lemma powr_scaling_identity:
  fixes \<sigma> z \<nu> q :: real
  assumes "0 < \<sigma>" "0 < z" "0 < \<nu>"
  shows "(\<sigma> * z) powr (q - 1) * z\<^sup>2 / (\<nu>\<^sup>2 * (\<sigma> * \<nu>) powr (q - 2)) = \<sigma> * z / (\<nu> / z) powr q"
proof -
  have shift: "x powr (q - 1) = x powr (q - 2) * x" "x powr q = x powr (q - 2) * x\<^sup>2" if "0 < x" for x :: real
    using that powr_add[of x "q - 2" 1] powr_add[of x "q - 2" 2] by simp_all
  show ?thesis
    using assms by (simp add: powr_mult powr_divide shift field_simps power2_eq_square)
qed

section \<open>Gradient descent in signal and noise directions\<close>

locale gd_setting =
  fixes q :: real and d m n :: nat and mu :: "nat \<Rightarrow> real" and y :: "nat \<Rightarrow> int"
    and xi :: "nat \<Rightarrow> nat \<Rightarrow> real" and eta :: real and W0 :: "int \<Rightarrow> nat \<Rightarrow> nat \<Rightarrow> real"
  assumes q_nonneg: "0 \<le> q" and eta_nonneg: "0 \<le> eta"
    and labels: "\<forall>i<n. y i \<in> {1, -1}"
    and noise_orth: "\<forall>i<n. vinner d (xi i) mu = 0"
    and signal_nonzero: "0 < vinner d mu mu"
begin

abbreviation W :: "nat \<Rightarrow> int \<Rightarrow> nat \<Rightarrow> nat \<Rightarrow> real" where
  "W t \<equiv> gd q d m n mu y xi eta W0 t"

definition loss_weight :: "nat \<Rightarrow> nat \<Rightarrow> real" where
  "loss_weight t i = - logloss_deriv (of_int (y i) * netf q d m (W t) mu (y i) (xi i))"

definition signal_gain :: "nat \<Rightarrow> int \<Rightarrow> nat \<Rightarrow> real" where
  "signal_gain t j r = of_int j * (vinner d (W t j r) mu - vinner d (W0 j r) mu)"

definition noise_drift :: "nat \<Rightarrow> int \<Rightarrow> nat \<Rightarrow> nat \<Rightarrow> real" where
  "noise_drift t j r i = vinner d (W t j r) (xi i) - vinner d (W0 j r) (xi i)"

definition noise_gram :: "nat \<Rightarrow> nat \<Rightarrow> real" where
  "noise_gram i' i = vinner d (xi i') (xi i) / vinner d (xi i') (xi i')"

definition signal_noise_decomposition ::
    "(nat \<Rightarrow> int \<Rightarrow> nat \<Rightarrow> real) \<Rightarrow> (nat \<Rightarrow> int \<Rightarrow> nat \<Rightarrow> nat \<Rightarrow> real) \<Rightarrow> bool" where
  "signal_noise_decomposition \<gamma> \<rho> \<longleftrightarrow> (\<forall>t. \<forall>j\<in>{1,-1}. \<forall>r<m. \<forall>k<d.
     W t j r k = W0 j r k + of_int j * \<gamma> t j r * mu k / (vnorm d mu)\<^sup>2
                 + (\<Sum>i<n. \<rho> t j r i * xi i k / (vnorm d (xi i))\<^sup>2))"

lemma loss_weight_bounds: "0 < loss_weight t i" "loss_weight t i \<le> 1"
  unfolding loss_weight_def using logloss_deriv_bounds by (auto simp: neg_le_iff_le)

lemma label_square: "i < n \<Longrightarrow> of_int (y i) * of_int (y i) = (1::real)"
  using labels by auto

lemma signal_gain_Suc:
  assumes j: "j \<in> {1, -1}"
  shows "signal_gain (Suc t) j r = signal_gain t j r + eta * vinner d mu mu / (real n * real m) *
     (\<Sum>i<n. loss_weight t i * act_deriv q (vinner d (W t j r) (\<lambda>k. of_int (y i) * mu k)))"
proof -
  let ?a = "\<lambda>i. loss_weight t i * act_deriv q (vinner d (W t j r) (\<lambda>k. of_int (y i) * mu k))"
  have "vinner d (W (Suc t) j r) mu = vinner d (W t j r) mu
      + of_int j * (eta * vinner d mu mu / (real n * real m) * (\<Sum>i<n. ?a i))"
  proof -
    have "(\<Sum>i<n. logloss_deriv (of_int (y i) * netf q d m (W t) mu (y i) (xi i)) * of_int (y i) * of_int j / real m
        * (act_deriv q (vinner d (W t j r) (\<lambda>k. of_int (y i) * mu k)) * of_int (y i) * vinner d mu mu
           + act_deriv q (vinner d (W t j r) (xi i)) * vinner d (xi i) mu))
        = (\<Sum>i<n. - (of_int j * vinner d mu mu / real m) * ?a i)"
      using noise_orth label_square unfolding loss_weight_def
      by (intro sum.cong) (auto simp: algebra_simps)
    then show ?thesis
      unfolding vinner_gd_Suc by (simp add: sum_negf flip: sum_distrib_left sum_divide_distrib)
  qed
  moreover have "of_int j * of_int j = (1::real)" using j by auto
  ultimately show ?thesis
    unfolding signal_gain_def by (simp add: sum_distrib_left[symmetric] algebra_simps)
qed

lemma noise_drift_Suc:
  assumes i0: "i0 < n"
  shows "noise_drift (Suc t) j r i0 = noise_drift t j r i0 + eta / (real n * real m) *
     (\<Sum>i<n. loss_weight t i * of_int (y i) * of_int j * act_deriv q (vinner d (W t j r) (xi i))
              * vinner d (xi i) (xi i0))"
proof -
  have "vinner d mu (xi i0) = 0" using noise_orth i0 vinner_commute by metis
  then show ?thesis
    unfolding noise_drift_def vinner_gd_Suc loss_weight_def
    by (simp add: sum_distrib_left sum_divide_distrib sum_negf algebra_simps)
qed

lemma signal_gain_mono:
  assumes j: "j \<in> {1, -1}" and "t \<le> t'"
  shows "signal_gain t j r \<le> signal_gain t' j r"
proof (rule lift_Suc_mono_le[OF _ \<open>t \<le> t'\<close>])
  fix t
  have "0 \<le> eta * vinner d mu mu / (real n * real m) *
      (\<Sum>i<n. loss_weight t i * act_deriv q (vinner d (W t j r) (\<lambda>k. of_int (y i) * mu k)))"
    using eta_nonneg signal_nonzero q_nonneg loss_weight_bounds
    by (intro mult_nonneg_nonneg divide_nonneg_nonneg sum_nonneg act_deriv_nonneg) (auto simp: less_imp_le)
  then show "signal_gain t j r \<le> signal_gain (Suc t) j r"
    using signal_gain_Suc[OF j] by simp
qed

lemma decomposition_vinner:
  assumes "signal_noise_decomposition \<gamma> \<rho>" and "j \<in> {1, -1}" and "r < m"
  shows "vinner d (W t j r) u = vinner d (W0 j r) u + of_int j * \<gamma> t j r * vinner d mu u / (vnorm d mu)\<^sup>2
           + (\<Sum>i<n. \<rho> t j r i * vinner d (xi i) u / (vnorm d (xi i))\<^sup>2)"
  using assms unfolding signal_noise_decomposition_def by (intro vinner_decomposition) auto

lemma decomposition_signal_coefficient:
  assumes dec: "signal_noise_decomposition \<gamma> \<rho>" and j: "j \<in> {1, -1}" and r: "r < m"
  shows "\<gamma> t j r = signal_gain t j r"
proof -
  have "(\<Sum>i<n. \<rho> t j r i * vinner d (xi i) mu / (vnorm d (xi i))\<^sup>2) = 0"
    using noise_orth by (intro sum.neutral) auto
  then have "vinner d (W t j r) mu = vinner d (W0 j r) mu + of_int j * \<gamma> t j r"
    using decomposition_vinner[OF dec j r, of t mu] signal_nonzero by (simp add: vnorm_square)
  then show ?thesis
    unfolding signal_gain_def using j by auto
qed

lemma decomposition_noise_coefficients:
  assumes dec: "signal_noise_decomposition \<gamma> \<rho>" and j: "j \<in> {1, -1}" and r: "r < m"
    and i0: "i0 < n"
  shows "(\<Sum>i<n. \<rho> t j r i * noise_gram i i0) = noise_drift t j r i0"
proof -
  have "vinner d mu (xi i0) = 0" using noise_orth i0 vinner_commute by metis
  then show ?thesis
    using decomposition_vinner[OF dec j r, of t "xi i0"]
    unfolding noise_drift_def noise_gram_def by (simp add: vnorm_square)
qed

end

section \<open>The first phase under abstract bounds\<close>

(* Xi and Lambda bound the initial noise and signal inner products, a/2 is the initial signal
   of the best neuron, s is the allowed drift of the noise inner products, tau the signal target
   and N the number of steps. *)
locale gd_phase1 = gd_setting +
  fixes D \<Xi> s \<Lambda> a \<tau> :: real and N :: nat
  assumes q_ge_2: "2 \<le> q" and n_pos: "1 \<le> n" and D_pos: "0 < D" and a_pos: "0 < a"
    and noise_norm: "\<And>i. i < n \<Longrightarrow> D/2 \<le> vinner d (xi i) (xi i) \<and> vinner d (xi i) (xi i) \<le> 3*D/2"
    and noise_cross: "\<And>i i'. i < n \<Longrightarrow> i' < n \<Longrightarrow> i \<noteq> i' \<Longrightarrow> \<bar>vinner d (xi i) (xi i')\<bar> \<le> D / (4 * real n)"
    and init_noise: "\<And>j r i. j \<in> {1, -1} \<Longrightarrow> r < m \<Longrightarrow> i < n \<Longrightarrow> \<bar>vinner d (W0 j r) (xi i)\<bar> \<le> \<Xi>"
    and init_signal: "\<And>j r. j \<in> {1, -1} \<Longrightarrow> r < m \<Longrightarrow> \<bar>vinner d (W0 j r) mu\<bar> \<le> \<Lambda>"
    and init_signal_max: "\<And>j. j \<in> {1, -1} \<Longrightarrow> \<exists>r<m. a/2 \<le> of_int j * vinner d (W0 j r) mu"
    and label_balance: "\<And>j. j \<in> {1, -1} \<Longrightarrow> real n / 4 \<le> real (card {i. i < n \<and> y i = j})"
    and noise_room: "\<Xi> + s \<le> 1/2"
    and signal_room: "\<Lambda> + \<tau> \<le> 1/2"
    and noise_budget: "real N * (eta / (real n * real m) * act_deriv q (\<Xi> + s) * (2 * D)) \<le> s"
    and signal_budget:
      "\<Lambda> + \<tau> \<le> a/2 * (1 + eta * q * vinner d mu mu * (a/2) powr (q-2) / (16 * real m)) ^ N"
begin

abbreviation drift_rate :: real where
  "drift_rate \<equiv> eta / (real n * real m) * act_deriv q (\<Xi> + s) * (2 * D)"

abbreviation growth_rate :: real where
  "growth_rate \<equiv> eta * q * vinner d mu mu * (a/2) powr (q-2) / (16 * real m)"

lemma noise_cross_sum:
  assumes i0: "i0 < n"
  shows "(\<Sum>i<n. \<bar>vinner d (xi i) (xi i0)\<bar>) \<le> 2 * D"
proof -
  have "(\<Sum>i<n. \<bar>vinner d (xi i) (xi i0)\<bar>) \<le> (\<Sum>i<n. (if i = i0 then 3*D/2 else 0) + D / (4 * real n))"
  proof (intro sum_mono)
    fix i assume i: "i \<in> {..<n}"
    have "0 \<le> D / (4 * real n)" using D_pos by simp
    moreover have "\<bar>vinner d (xi i0) (xi i0)\<bar> \<le> 3*D/2"
      using noise_norm[OF i0] D_pos by (simp add: abs_of_nonneg)
    ultimately show "\<bar>vinner d (xi i) (xi i0)\<bar> \<le> (if i = i0 then 3*D/2 else 0) + D / (4 * real n)"
      using noise_cross[of i i0] i i0 D_pos by (cases "i = i0") (auto intro: add_increasing2)
  qed
  also have "\<dots> = 3*D/2 + D/4"
    using i0 n_pos by (simp add: sum.distrib)
  finally show ?thesis
    using D_pos by simp
qed

lemma noise_drift_step:
  assumes i0: "i0 < n" and j: "j \<in> {1, -1}"
    and below: "\<And>i. i < n \<Longrightarrow> vinner d (W t j r) (xi i) \<le> \<Xi> + s"
  shows "\<bar>noise_drift (Suc t) j r i0 - noise_drift t j r i0\<bar> \<le> drift_rate"
proof -
  have term_bound: "\<bar>loss_weight t i * of_int (y i) * of_int j * act_deriv q (vinner d (W t j r) (xi i))
      * vinner d (xi i) (xi i0)\<bar> \<le> act_deriv q (\<Xi> + s) * \<bar>vinner d (xi i) (xi i0)\<bar>" if i: "i < n" for i
  proof -
    have "\<bar>of_int (y i) :: real\<bar> = 1" "\<bar>of_int j :: real\<bar> = 1" using labels i j by auto
    moreover have "\<bar>loss_weight t i\<bar> \<le> 1" using loss_weight_bounds[of t i] by (simp add: abs_of_pos)
    moreover have "\<bar>act_deriv q (vinner d (W t j r) (xi i))\<bar> \<le> act_deriv q (\<Xi> + s)"
      using act_deriv_mono[OF _ below[OF i]] act_deriv_nonneg q_ge_2 by simp
    ultimately have "\<bar>loss_weight t i\<bar> * \<bar>act_deriv q (vinner d (W t j r) (xi i))\<bar> \<le> 1 * act_deriv q (\<Xi> + s)"
      by (intro mult_mono) auto
    with \<open>\<bar>of_int (y i) :: real\<bar> = 1\<close> \<open>\<bar>of_int j :: real\<bar> = 1\<close> show ?thesis
      by (simp add: abs_mult mult_right_mono)
  qed
  have "\<bar>noise_drift (Suc t) j r i0 - noise_drift t j r i0\<bar> = eta / (real n * real m) *
      \<bar>\<Sum>i<n. loss_weight t i * of_int (y i) * of_int j * act_deriv q (vinner d (W t j r) (xi i))
              * vinner d (xi i) (xi i0)\<bar>"
    unfolding noise_drift_Suc[OF i0] using eta_nonneg by (simp add: abs_mult)
  also have "\<dots> \<le> eta / (real n * real m) * (\<Sum>i<n. act_deriv q (\<Xi> + s) * \<bar>vinner d (xi i) (xi i0)\<bar>)"
    using eta_nonneg term_bound by (intro mult_left_mono order.trans[OF sum_abs] sum_mono) auto
  also have "\<dots> \<le> drift_rate"
    using noise_cross_sum[OF i0] eta_nonneg act_deriv_nonneg[of q "\<Xi> + s"] q_nonneg
    by (auto simp: sum_distrib_left[symmetric] mult.assoc intro!: divide_right_mono mult_left_mono)
  finally show ?thesis .
qed

lemma noise_drift_linear:
  assumes "t \<le> N" and "j \<in> {1, -1}" and "r < m" and "i < n"
  shows "\<bar>noise_drift t j r i\<bar> \<le> real t * drift_rate"
  using assms
proof (induction t arbitrary: i)
  case 0
  then show ?case unfolding noise_drift_def by simp
next
  case (Suc t)
  have "real t * drift_rate \<le> real N * drift_rate"
    using Suc.prems eta_nonneg D_pos act_deriv_nonneg[of q "\<Xi> + s"] q_nonneg by (intro mult_right_mono) auto
  then have "\<bar>noise_drift t j r i'\<bar> \<le> s" if "i' < n" for i'
    using Suc that noise_budget by fastforce
  then have "vinner d (W t j r) (xi i') \<le> \<Xi> + s" if "i' < n" for i'
    using init_noise[OF Suc.prems(2,3) that] that unfolding noise_drift_def by fastforce
  then have "\<bar>noise_drift (Suc t) j r i - noise_drift t j r i\<bar> \<le> drift_rate"
    using noise_drift_step Suc.prems by blast
  moreover have "\<bar>noise_drift t j r i\<bar> \<le> real t * drift_rate"
    using Suc by simp
  ultimately show ?case
    unfolding of_nat_Suc distrib_right by linarith
qed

**PROBLEM DESCRIPTION**. Lines of the listing above that hold the string "ultimately" should each be copied.

**ANSWER SECTION**.
  ultimately show ?thesis
    ultimately show "\<bar>vinner d (xi i) (xi i0)\<bar> \<le> (if i = i0 then 3*D/2 else 0) + D / (4 * real n)"
    ultimately have "\<bar>loss_weight t i\<bar> * \<bar>act_deriv q (vinner d (W t j r) (xi i))\<bar> \<le> 1 * act_deriv q (\<Xi> + s)"
  ultimately show ?case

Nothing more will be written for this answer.